Anyone have experience with StableDiffusion on Linux with AMD and NVIDIA?

abcdqfr@lemmy.world · edit-2 5 months ago

Anyone have experience with StableDiffusion on Linux with AMD and NVIDIA?

wewbull · 5 months ago

My experience is that AMDs virtual memory system for VRAM is buggy and those bugs cause kernel crashes. A few tips:

If running both cards is overstressing your PSU you might be suffering from voltage drops when your GPU draws maximum power. I was able to run games absolutely fine on my previous PSU, but running diffusion models caused it to collapse. Try just a single card to see if it helps stability.
Make sure your kernel is as recent as possible. There have been a number of fixes in the 6.x series, and I have seen stability go up. Remember: docker images still use your host OS kernel.
If you can, disable the desktop (e.g. systemctl isolate multi-user.target, and run the web gui over the network to another machine. If you’re running ComfyUI, that means adding --listen to the command line options. It’s normally the desktop environment that causes the crashes when it tries to access something in VRAM that has been swapped to normal RAM to make room for your models. Giving the whole GPU to the one task boosts stability massively. It’s not the desktop environment’s fault. The GPU driver should handle the situation.
When you get a crash, often it’s just that the GPU has crashed and not the machine (Won’t be true of a power supply issue). sshing in and shutting down cleanly can save your filesystems the trauma of a hard reboot. If you don’t have another machine, grab a ssh client for your phone like Juice SSH on android. (Not affiliated. It just works for me)
Using rocm-smi to reset the card after a crash might bring things back, but not always. Obviously you have to do this over the network as your display has gone.
Be aware of your VRAM usage (amdgpu_top) and try to avoid overcommitting it. It sucks, but if you can avoid swapping VRAM everything goes better. Low memory modes on the tools can help. ComfyUI has --low-vram for example and it more aggressively removes things from VRAM when it’s finished using them. Slows down generations a bit, but better than crashing.

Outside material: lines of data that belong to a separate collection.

(* For $\mu>0$, $x\ge 0$, $y>0$, $$P_{\mu+1}(x,y)^2-P_\mu(x,y)P_{\mu+2}(x,y)>0.$$
   Context: For $\mu>0$, $x>0$, $y\ge0$, $P_{\mu}(x,y)=x^{\frac12(1-\mu)}\int_0^{y} t^{\frac12(\mu-1)}e^{-t-x}I_{\mu-1}(2\sqrt{xt})\,dt$ ($I_\nu$ the modified Bessel function of the first kind); at $x=0$ it is defined by continuity, $P_\mu(0,y)=\gamma(\mu,y)/\Gamma(\mu)$ with $\gamma(\mu,y)=\int_0^y t^{\mu-1}e^{-t}dt$. *)

theory Defs
  imports "HOL-Analysis.Analysis"
begin

definition besselI :: "real \<Rightarrow> real \<Rightarrow> real" where
  "besselI nu z = (\<Sum>k. (z/2) powr (2 * real k + nu) / (fact k * Gamma (real k + nu + 1)))"

definition lower_gamma :: "real \<Rightarrow> real \<Rightarrow> real" where
  "lower_gamma mu y = integral {0..y} (\<lambda>t. t powr (mu - 1) * exp (- t))"

text \<open>Generalized Marcum-type function P_mu(x,y); at x = 0 defined by continuity.\<close>
definition marcumP :: "real \<Rightarrow> real \<Rightarrow> real \<Rightarrow> real" where
  "marcumP mu x y =
     (if x = 0 then lower_gamma mu y / Gamma mu
      else x powr ((1 - mu) / 2) *
        integral {0..y} (\<lambda>t. t powr ((mu - 1) / 2) * exp (- t - x) *
                               besselI (mu - 1) (2 * sqrt (x * t))))"

end

theory Submission
  imports Defs
begin

text \<open>
  Expanding the Bessel function and integrating termwise gives
  P_mu(x,y) = sum_n e^(-x) x^n / n! * gamma(mu+n,y) / Gamma(mu+n).
  Since a gamma(a,y) - gamma(a+1,y) = y^a e^(-y), the differences of p_k = P_(mu+k)(x,y) are
  p_k - p_(k+1) = e^(-x-y) y^(mu+k) D_(mu+k+1)(xy), where D_b(s) = sum_k s^k / (k! Gamma(k+b)).
  In the Cauchy product, the coefficient of s^n in D_(b+1)^2 - D_b D_(b+2) has the form
  sum_(i<=m) (m-2i)(m-i) w_i, m = n+1, with weights symmetric under i |-> m-i, which equals
  sum_(i<=m) (m-2i)^2 w_i / 2 >= 0; the constant coefficient is positive. So the differences of the
  decreasing null sequence p are strictly log-concave, and that forces p_1^2 > p_0 p_2.
\<close>

lemma turan_of_log_concave_differences:
  fixes p :: "nat \<Rightarrow> real"
  assumes decreasing: "\<And>k. p (Suc k) < p k"
    and log_concave: "\<And>k. (p k - p (Suc k)) * (p (Suc (Suc k)) - p (Suc (Suc (Suc k))))
                              < (p (Suc k) - p (Suc (Suc k)))\<^sup>2"
    and lim: "p \<longlonglongrightarrow> 0"
  shows "p 0 * p 2 < (p 1)\<^sup>2"
proof -
  \<comment> \<open>With \<open>d k = p k - p (Suc k)\<close> one has \<open>p 1\<^sup>2 - p 0 * p 2 = d 1 * p 0 - d 0 * p 1\<close>;
     compare \<open>p 0 = (\<Sum>k. d k)\<close> and \<open>p 1 = (\<Sum>k. d (Suc k))\<close> termwise, using that
     the ratios \<open>d (Suc k) / d k\<close> decrease.\<close>
  define d where "d k = p k - p (Suc k)" for k
  have d_pos: "0 < d k" for k
    using decreasing by (simp add: d_def)
  have ratio_step: "d (Suc (Suc k)) / d (Suc k) < d (Suc k) / d k" for k
    using log_concave[of k] d_pos[of k] d_pos[of "Suc k"]
    by (simp add: d_def divide_simps power2_eq_square mult.commute)
  have "decseq (\<lambda>k. d (Suc k) / d k)"
    using ratio_step by (intro decseq_SucI less_imp_le)
  then have ratio_le: "d (Suc k) / d k \<le> d 1 / d 0" for k
    by (simp add: decseq_def)
  have terms_nonneg: "0 \<le> d 1 * d k - d 0 * d (Suc k)" for k
    using ratio_le[of k] d_pos[of k] d_pos[of 0] by (simp add: divide_le_eq le_divide_eq mult.commute)
  have term1_pos: "0 < d 1 * d 1 - d 0 * d 2"
    using log_concave[of 0] by (simp add: d_def numeral_2_eq_2 power2_eq_square)
  have "d sums p 0"
    using telescope_sums'[OF lim] by (simp add: d_def[abs_def])
  moreover have "(\<lambda>k. d (Suc k)) sums p 1"
    using telescope_sums'[OF LIMSEQ_Suc[OF lim]] by (simp add: d_def)
  ultimately have "(\<lambda>k. d 1 * d k - d 0 * d (Suc k)) sums (d 1 * p 0 - d 0 * p 1)"
    by (intro sums_diff sums_mult)
  then have "0 < d 1 * p 0 - d 0 * p 1"
    using suminf_pos2[of "\<lambda>k. d 1 * d k - d 0 * d (Suc k)" 1] terms_nonneg term1_pos
    by (simp add: sums_iff numeral_2_eq_2)
  then show ?thesis
    by (simp add: d_def numeral_2_eq_2 power2_eq_square algebra_simps)
qed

With this I’ve been running SDXL on a 8GB RX7600 pretty successfully (~1s per iteration). I’ve been thinking about upgrading but I think I’ll wait for the RX8000 series now. It’s possible the underlying problem is something with the GPU hardware as AMD are definitely improving things with software changes, but not solving it once and for all. I’m also hopeful that they will upgrade the VRAM across the range. The 16GB 7600XT says to me that they know <16GB isn’t practical anymore, so the high-end also has to go up, right?